*** The input Section Begins ***

(* Let $\Sigma$ be a graded alphabet and $L$ a finite tree language over $\Sigma$. Then the RWTA $A_L$ is a sequential RWTA that realizes $\mathrm{SubTreeSeries}_L$, i.e. $\mathbb{P}_{A_L}=\mathrm{SubTreeSeries}_L$.
   Context: A graded alphabet is a finite set $\Sigma=\bigcup_{k\in\mathbb{N}}\Sigma_k$; $T_\Sigma$ is the set of trees $f(t_1,\ldots,t_k)$ with $f\in\Sigma_k$. A RWTA (weights in $(\mathbb{N},+)$) is $A=(\Sigma,Q,\nu,\delta)$ with $Q$ finite, $\nu:Q\to\mathbb{N}$, $\delta\subseteq\bigcup_k Q\times\Sigma_k\times Q^k$; $\delta(f,q_1,\ldots,q_k)=\{q\mid(q,f,q_1,\ldots,q_k)\in\delta\}$, extended to subsets by union over tuples; $\nu(S)=\sum_{s\in S}\nu(s)$ ($\nu(\emptyset)=0$); $\Delta(f(t_1,\ldots,t_k))=\delta(f,\Delta(t_1),\ldots,\Delta(t_k))$; $\mathbb{P}_A(t)=\nu(\Delta(t))$; $A$ is sequential if $\mathrm{Card}(\Delta(t))\le1$ for all $t$. For $t=f(t_1,\ldots,t_k)$, $\mathrm{SubTree}(t)=\{t\}\cup\bigcup_j\mathrm{SubTree}(t_j)$; $\mathrm{SubTreeSet}(L)=\bigcup_{t\in L}\mathrm{SubTree}(t)$; $\mathrm{SubTreeSeries}_t(s)$ is the number of nodes of $t$ whose subtree equals $s$, and $\mathrm{SubTreeSeries}_L=\sum_{t\in L}\mathrm{SubTreeSeries}_t$. The sequential subtree automaton of $L$ is $A_L=(\Sigma,\mathrm{SubTreeSet}(L),\nu,\delta)$ with $\nu(t')=\mathrm{SubTreeSeries}_L(t')$ and, for $f\in\Sigma_k$, $t_{k+1}\in\delta(f,t_1,\ldots,t_k)$ iff $t_{k+1}=f(t_1,\ldots,t_k)$. *)

theory Defs
  imports Main
begin

text \<open>Ranked trees. A graded alphabet is a finite set of ranked symbols (f, k),
  i.e. Sigma_k = {f. (f,k) \<in> Sigma}.\<close>

datatype 'f tree = Node 'f "'f tree list"

type_synonym 'f graded_alphabet = "('f \<times> nat) set"

definition graded_alphabet :: "'f graded_alphabet \<Rightarrow> bool" where
  "graded_alphabet \<Sigma> \<longleftrightarrow> finite \<Sigma>"

inductive_set trees :: "'f graded_alphabet \<Rightarrow> 'f tree set" for \<Sigma> where
  "(f, length ts) \<in> \<Sigma> \<Longrightarrow> (\<forall>t\<in>set ts. t \<in> trees \<Sigma>) \<Longrightarrow> Node f ts \<in> trees \<Sigma>"

record ('f, 'q) rwta =
  states :: "'q set"
  weight :: "'q \<Rightarrow> nat"
  trans :: "('q \<times> 'f \<times> 'q list) set"

definition is_rwta :: "'f graded_alphabet \<Rightarrow> ('f, 'q) rwta \<Rightarrow> bool" where
  "is_rwta \<Sigma> A \<longleftrightarrow> finite (states A) \<and>
     (\<forall>(q, f, qs) \<in> trans A. q \<in> states A \<and> (f, length qs) \<in> \<Sigma> \<and> set qs \<subseteq> states A)"

definition delta_set :: "('q \<times> 'f \<times> 'q list) set \<Rightarrow> 'f \<Rightarrow> 'q set list \<Rightarrow> 'q set" where
  "delta_set \<delta> f Ss = {q. \<exists>qs. list_all2 (\<in>) qs Ss \<and> (q, f, qs) \<in> \<delta>}"

fun Delta :: "('q \<times> 'f \<times> 'q list) set \<Rightarrow> 'f tree \<Rightarrow> 'q set" where
  "Delta \<delta> (Node f ts) = delta_set \<delta> f (map (Delta \<delta>) ts)"

definition realized :: "('f, 'q) rwta \<Rightarrow> 'f tree \<Rightarrow> nat" where
  "realized A t = (\<Sum>q \<in> Delta (trans A) t. weight A q)"

definition sequential :: "'f graded_alphabet \<Rightarrow> ('f, 'q) rwta \<Rightarrow> bool" where
  "sequential \<Sigma> A \<longleftrightarrow> (\<forall>t \<in> trees \<Sigma>. card (Delta (trans A) t) \<le> 1)"

fun SubTree :: "'f tree \<Rightarrow> 'f tree set" where
  "SubTree (Node f ts) = insert (Node f ts) (\<Union>t \<in> set ts. SubTree t)"

definition SubTreeSet :: "'f tree set \<Rightarrow> 'f tree set" where
  "SubTreeSet L = (\<Union>t \<in> L. SubTree t)"

fun SubTreeSeries_t :: "'f tree \<Rightarrow> 'f tree \<Rightarrow> nat" where
  "SubTreeSeries_t (Node f ts) s =
     (if Node f ts = s then 1 else 0) + sum_list (map (\<lambda>c. SubTreeSeries_t c s) ts)"

definition SubTreeSeries :: "'f tree set \<Rightarrow> 'f tree \<Rightarrow> nat" where
  "SubTreeSeries L s = (\<Sum>t \<in> L. SubTreeSeries_t t s)"

definition subtree_automaton :: "'f graded_alphabet \<Rightarrow> 'f tree set \<Rightarrow> ('f, 'f tree) rwta" where
  "subtree_automaton \<Sigma> L =
     \<lparr> states = SubTreeSet L,
       weight = SubTreeSeries L,
       trans = {(q, f, qs). q \<in> SubTreeSet L \<and> set qs \<subseteq> SubTreeSet L \<and>
                            (f, length qs) \<in> \<Sigma> \<and> q = Node f qs} \<rparr>"

end

theory Submission
  imports Defs
begin

text \<open>A transition of the subtree automaton just rebuilds the tree it reads, so by induction
  the only state reachable on t is t itself, and it is reached iff t is a subtree of L over the
  alphabet. Hence the automaton is sequential and its weight at t is the weight of the state t,
  i.e. the number of occurrences of t in L (zero when t is not a subtree of L).\<close>

lemma SubTree_self: "t \<in> SubTree t"
  by (cases t) simp

lemma SubTree_trans: "s \<in> SubTree t \<Longrightarrow> SubTree s \<subseteq> SubTree t"
  by (induction t) auto

lemma SubTreeSet_children:
  assumes "Node f ts \<in> SubTreeSet L"
  shows "set ts \<subseteq> SubTreeSet L"
proof -
  obtain u where u: "u \<in> L" "Node f ts \<in> SubTree u"
    using assms unfolding SubTreeSet_def by blast
  have "set ts \<subseteq> SubTree (Node f ts)"
    using SubTree_self by fastforce
  also have "\<dots> \<subseteq> SubTree u"
    using SubTree_trans[OF u(2)] .
  finally show ?thesis
    using u(1) unfolding SubTreeSet_def by blast
qed

lemma finite_SubTree: "finite (SubTree t)"
  by (induction t) auto

lemma finite_SubTreeSet: "finite L \<Longrightarrow> finite (SubTreeSet L)"
  unfolding SubTreeSet_def by (simp add: finite_SubTree)

lemma SubTreeSeries_t_eq_0: "s \<notin> SubTree t \<Longrightarrow> SubTreeSeries_t t s = 0"
  by (induction t) (auto simp: sum_list_eq_0_iff)

lemma SubTreeSeries_eq_0: "s \<notin> SubTreeSet L \<Longrightarrow> SubTreeSeries L s = 0"
  unfolding SubTreeSeries_def SubTreeSet_def by (simp add: SubTreeSeries_t_eq_0)

lemma Node_in_trees_iff:
  "Node f ts \<in> trees \<Sigma> \<longleftrightarrow> (f, length ts) \<in> \<Sigma> \<and> set ts \<subseteq> trees \<Sigma>"
  by (auto elim: trees.cases intro: trees.intros)

lemma list_all2_mem_singletons:
  "list_all2 (\<in>) qs (map (\<lambda>t. {t} \<inter> A) ts) \<longleftrightarrow> qs = ts \<and> set ts \<subseteq> A"
  by (induction ts arbitrary: qs) (auto simp: list_all2_Cons2)

lemma Delta_subtree_automaton:
  "Delta (trans (subtree_automaton \<Sigma> L)) t = {t} \<inter> (SubTreeSet L \<inter> trees \<Sigma>)"
proof (induction t)
  case (Node f ts)
  let ?B = "SubTreeSet L \<inter> trees \<Sigma>"
  have children: "map (Delta (trans (subtree_automaton \<Sigma> L))) ts = map (\<lambda>t. {t} \<inter> ?B) ts"
    using Node.IH by simp
  have "Delta (trans (subtree_automaton \<Sigma> L)) (Node f ts)
      = {q. Node f ts \<in> SubTreeSet L \<and> set ts \<subseteq> ?B \<and> (f, length ts) \<in> \<Sigma> \<and> q = Node f ts}"
    unfolding Delta.simps children delta_set_def list_all2_mem_singletons
    by (auto simp: subtree_automaton_def)
  also have "\<dots> = {Node f ts} \<inter> ?B"
    using SubTreeSet_children[of f ts L] by (auto simp: Node_in_trees_iff)
  finally show ?case .
qed

lemma weight_subtree_automaton: "weight (subtree_automaton \<Sigma> L) = SubTreeSeries L"
  by (simp add: subtree_automaton_def)

theorem corollary7:
  fixes \<Sigma> :: "'f graded_alphabet" and L :: "'f tree set"
  assumes "graded_alphabet \<Sigma>" and "finite L" and "L \<subseteq> trees \<Sigma>"
  shows "is_rwta \<Sigma> (subtree_automaton \<Sigma> L) \<and> sequential \<Sigma> (subtree_automaton \<Sigma> L) \<and>
         (\<forall>t \<in> trees \<Sigma>. realized (subtree_automaton \<Sigma> L) t = SubTreeSeries L t)"
proof (intro conjI ballI)
  show "is_rwta \<Sigma> (subtree_automaton \<Sigma> L)"
    using finite_SubTreeSet[OF assms(2)] by (auto simp: is_rwta_def subtree_automaton_def)
  show "sequential \<Sigma> (subtree_automaton \<Sigma> L)"
    by (simp add: sequential_def Delta_subtree_automaton card_le_Suc0_iff_eq)
  fix t assume "t \<in> trees \<Sigma>"
  then show "realized (subtree_automaton \<Sigma> L) t = SubTreeSeries L t"
    by (auto simp: realized_def Delta_subtree_automaton weight_subtree_automaton
        Int_insert_left SubTreeSeries_eq_0)
qed

end
lemma step_left:
  assumes c: "c \<in> Q"
  shows "hits obstacles CL (after_down c)"
    "int (travel obstacles (after_down ` Q) CL (after_down c)) = k + 2 * slot c - tx c"
    "move_robot obstacles (after_down ` Q) CL (after_down c) = \<pi> c"
proof -
  note tc = target_bounds[OF c]
  define s where "s = nat (k + 2 * slot c + 1)"
  have s: "1 \<le> s" "int s = k + 2 * slot c + 1" using slot_bounds[OF c] k_pos by (auto simp: s_def)
  have "shift (after_down c) (int s) CL = (a - 1, b + ty c)"
    using s by (simp add: after_down_def ty_def)
  moreover have "(a - 1, b + ty c) \<in> obs_left"
  proof -
    have "2 * k * k = k * k + k * k" by simp
    then show ?thesis using tc k_le_kk unfolding obs_left_mem by linarith
  qed
  ultimately have hit: "shift (after_down c) (int s) CL \<in> obstacles" by (simp add: obstacles_mem)
  have clear: "shift (after_down c) (int t) CL \<notin> obstacles" if "1 \<le> t" "t < s" for t
    using left_ray_clear[OF c, of t] that s by (simp add: after_down_def ty_def)
  have ahead: "card {t. 0 < t \<and> t < s \<and> shift (after_down c) (int t) CL \<in> after_down ` Q}
      = nat (tx c)"
    unfolding s_def left_robots_ahead[OF c] by (subst card_image) (auto simp: inj_on_def)
  note move = move_robot_first_obstacle[OF s(1) hit clear ahead]
  show "hits obstacles CL (after_down c)" by (rule move(1))
  show "int (travel obstacles (after_down ` Q) CL (after_down c)) = k + 2 * slot c - tx c"
    using move(2) s tc by simp
  show "move_robot obstacles (after_down ` Q) CL (after_down c) = \<pi> c"
    using move(3) s tc by (simp add: after_down_def tx_def prod_eq_iff)
qed

lemma travel_bounds:
  assumes c: "c \<in> Q"
  shows "int (travel obstacles Q CU c) \<le> k * k"
    "int (travel obstacles (after_up ` Q) CR (after_up c)) \<le> 3 * k * k"
    "int (travel obstacles (after_right ` Q) CD (after_right c)) \<le> 3 * k * k"
    "int (travel obstacles (after_down ` Q) CL (after_down c)) \<le> 3 * k * k"
proof -
  have x: "0 \<le> fst c - a" "fst c - a < k" using c by (cases c; simp)+
  have kk3: "3 * k * k = k * k + k * k + k * k" by simp
  note bounds = slot_bounds[OF c] rank_bounds[OF c] target_bounds[OF c] k_le_kk
  show "int (travel obstacles Q CU c) \<le> k * k"
    using step_up(2)[OF c] cap_bounds[OF x] by simp
  show "int (travel obstacles (after_up ` Q) CR (after_up c)) \<le> 3 * k * k"
    using step_right(2)[OF c] bounds x kk3 by linarith
  show "int (travel obstacles (after_right ` Q) CD (after_right c)) \<le> 3 * k * k"
    using step_down(2)[OF c] bounds kk3 by linarith
  show "int (travel obstacles (after_down ` Q) CL (after_down c)) \<le> 3 * k * k"
    using step_left(2)[OF c] bounds kk3 by linarith
qed

lemma gadget_run:
  assumes v: "v > 0"
  shows "run_defined obstacles Q [CU, CR, CD, CL] id
    \<and> (\<forall>c\<in>Q. run obstacles Q [CU, CR, CD, CL] id c = \<pi> c)
    \<and> run_time obstacles Q [CU, CR, CD, CL] id v \<le> real_of_int (10 * k * k) / v"
proof -
  define stage :: "nat \<Rightarrow> cell \<Rightarrow> cell" where
    "stage = nth [id, after_up, after_right, after_down, \<pi>]"
  define B :: "nat \<Rightarrow> real" where
    "B = nth (map real_of_int [k * k, 3 * k * k, 3 * k * k, 3 * k * k])"
  have "(a, b) \<in> Q" using k_pos by simp
  then have nonempty: "Q \<noteq> {}" by blast
  have four: "i = 0 \<or> i = 1 \<or> i = 2 \<or> i = 3" if "i < length [CU, CR, CD, CL]" for i :: nat
    using that by auto
  have real_le: "real m \<le> real_of_int B" if "int m \<le> B" for m B
    using that by (metis of_int_le_iff of_int_of_nat_eq)
  have "run_defined obstacles Q [CU, CR, CD, CL] id
    \<and> (\<forall>c\<in>Q. run obstacles Q [CU, CR, CD, CL] id c = stage (length [CU, CR, CD, CL]) c)
    \<and> run_time obstacles Q [CU, CR, CD, CL] id v \<le> (\<Sum>i<length [CU, CR, CD, CL]. B i) / v"
  proof (rule run_through_stages)
    fix i c assume i: "i < length [CU, CR, CD, CL]" and c: "c \<in> Q"
    then show "hits obstacles ([CU, CR, CD, CL] ! i) (stage i c)"
      and "move_robot obstacles (stage i ` Q) ([CU, CR, CD, CL] ! i) (stage i c) = stage (Suc i) c"
      and "real (travel obstacles (stage i ` Q) ([CU, CR, CD, CL] ! i) (stage i c)) \<le> B i"
      using four[OF i] step_up[OF c] step_right[OF c] step_down[OF c] step_left[OF c]
        travel_bounds[OF c, THEN real_le]
      by (auto simp: stage_def B_def)
  qed (use v nonempty in \<open>auto simp: stage_def block_eq_product\<close>)
  moreover have "(\<Sum>i<length [CU, CR, CD, CL]. B i) = real_of_int (10 * k * k)"
    by (simp add: B_def numeral_eq_Suc)
  ultimately show ?thesis by (simp add: stage_def)
qed

text \<open>Counting the obstacles: the four families are pairwise disjoint (they are separated by
  their x-coordinates and, between the stoppers of r and d, by parity), and the stoppers of r and
  d are injective images of Q.\<close>

lemma finite_obstacles: "finite obstacles"
  unfolding obstacles_def obs_up_def obs_right_def obs_down_def obs_left_def
  by (simp add: block_eq_product)

lemma card_Q: "card Q = nat k * nat k"
  by (simp add: block_eq_product card_cartesian_product)

lemma obstacle_columns:
  "z \<in> obs_up \<Longrightarrow> a \<le> fst z \<and> fst z < a + k"
  "z \<in> obs_right \<Longrightarrow> \<exists>m \<ge> 0. fst z = a + k + 2 * m + 1"
  "z \<in> obs_down \<Longrightarrow> \<exists>m \<ge> 0. fst z = a + k + 2 * m"
  "z \<in> obs_left \<Longrightarrow> fst z = a - 1"
  using slot_bounds by (auto simp: obs_up_def obs_right_def obs_down_def obs_left_def)
(* Let $\mathcal{A}$ be a unital algebra over a field $F$ with $\operatorname{char}(F)\neq2$, having an idempotent $e\neq0,1$, and write $e^{\perp}=1-e$. Assume that for every $x\in\mathcal{A}$: if $exe\cdot e\mathcal{A}e^{\perp}=\{0\}=e^{\perp}\mathcal{A}e\cdot exe$ then $exe=0$, and if $e\mathcal{A}e^{\perp}\cdot e^{\perp}xe^{\perp}=\{0\}=e^{\perp}xe^{\perp}\cdot e^{\perp}\mathcal{A}e$ then $e^{\perp}xe^{\perp}=0$. Then $\operatorname{QJDer}(\mathcal{A})=\operatorname{Cent}(\mathcal{A})+\operatorname{JDer}(\mathcal{A})$.
   Context: $x\circ y=xy+yx$. $\operatorname{QJDer}(\mathcal{A})$: linear $f:\mathcal{A}\to\mathcal{A}$ for which there is a linear $h$ with $f(x)\circ y+x\circ f(y)=h(x\circ y)$ for all $x,y$. $\operatorname{Cent}(\mathcal{A})$: linear $f$ with $f(xy)=f(x)y=xf(y)$. $\operatorname{JDer}(\mathcal{A})$: linear $d$ with $d(x\circ y)=d(x)\circ y+x\circ d(y)$. Sums of sets of maps are sets of pointwise sums. *)

theory Defs
  imports Complex_Main
begin

definition unital_algebra :: "('k::field \<Rightarrow> 'a::ring_1 \<Rightarrow> 'a) \<Rightarrow> bool" where
  "unital_algebra sc \<longleftrightarrow> vector_space sc \<and>
     (\<forall>c x y. sc c (x * y) = sc c x * y \<and> sc c (x * y) = x * sc c y)"

definition jprod :: "'a::ring \<Rightarrow> 'a \<Rightarrow> 'a" (infixl "\<circ>\<^sub>J" 70) where
  "jprod x y = x * y + y * x"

*** The input Section Ends ***

Requirement:
Your job is to copy out every line from the records above that has the word "thesis".

Solved exercise:
  finally show ?thesis
    then show ?thesis using tc k_le_kk unfolding obs_left_mem by linarith
  ultimately show ?thesis by (simp add: stage_def)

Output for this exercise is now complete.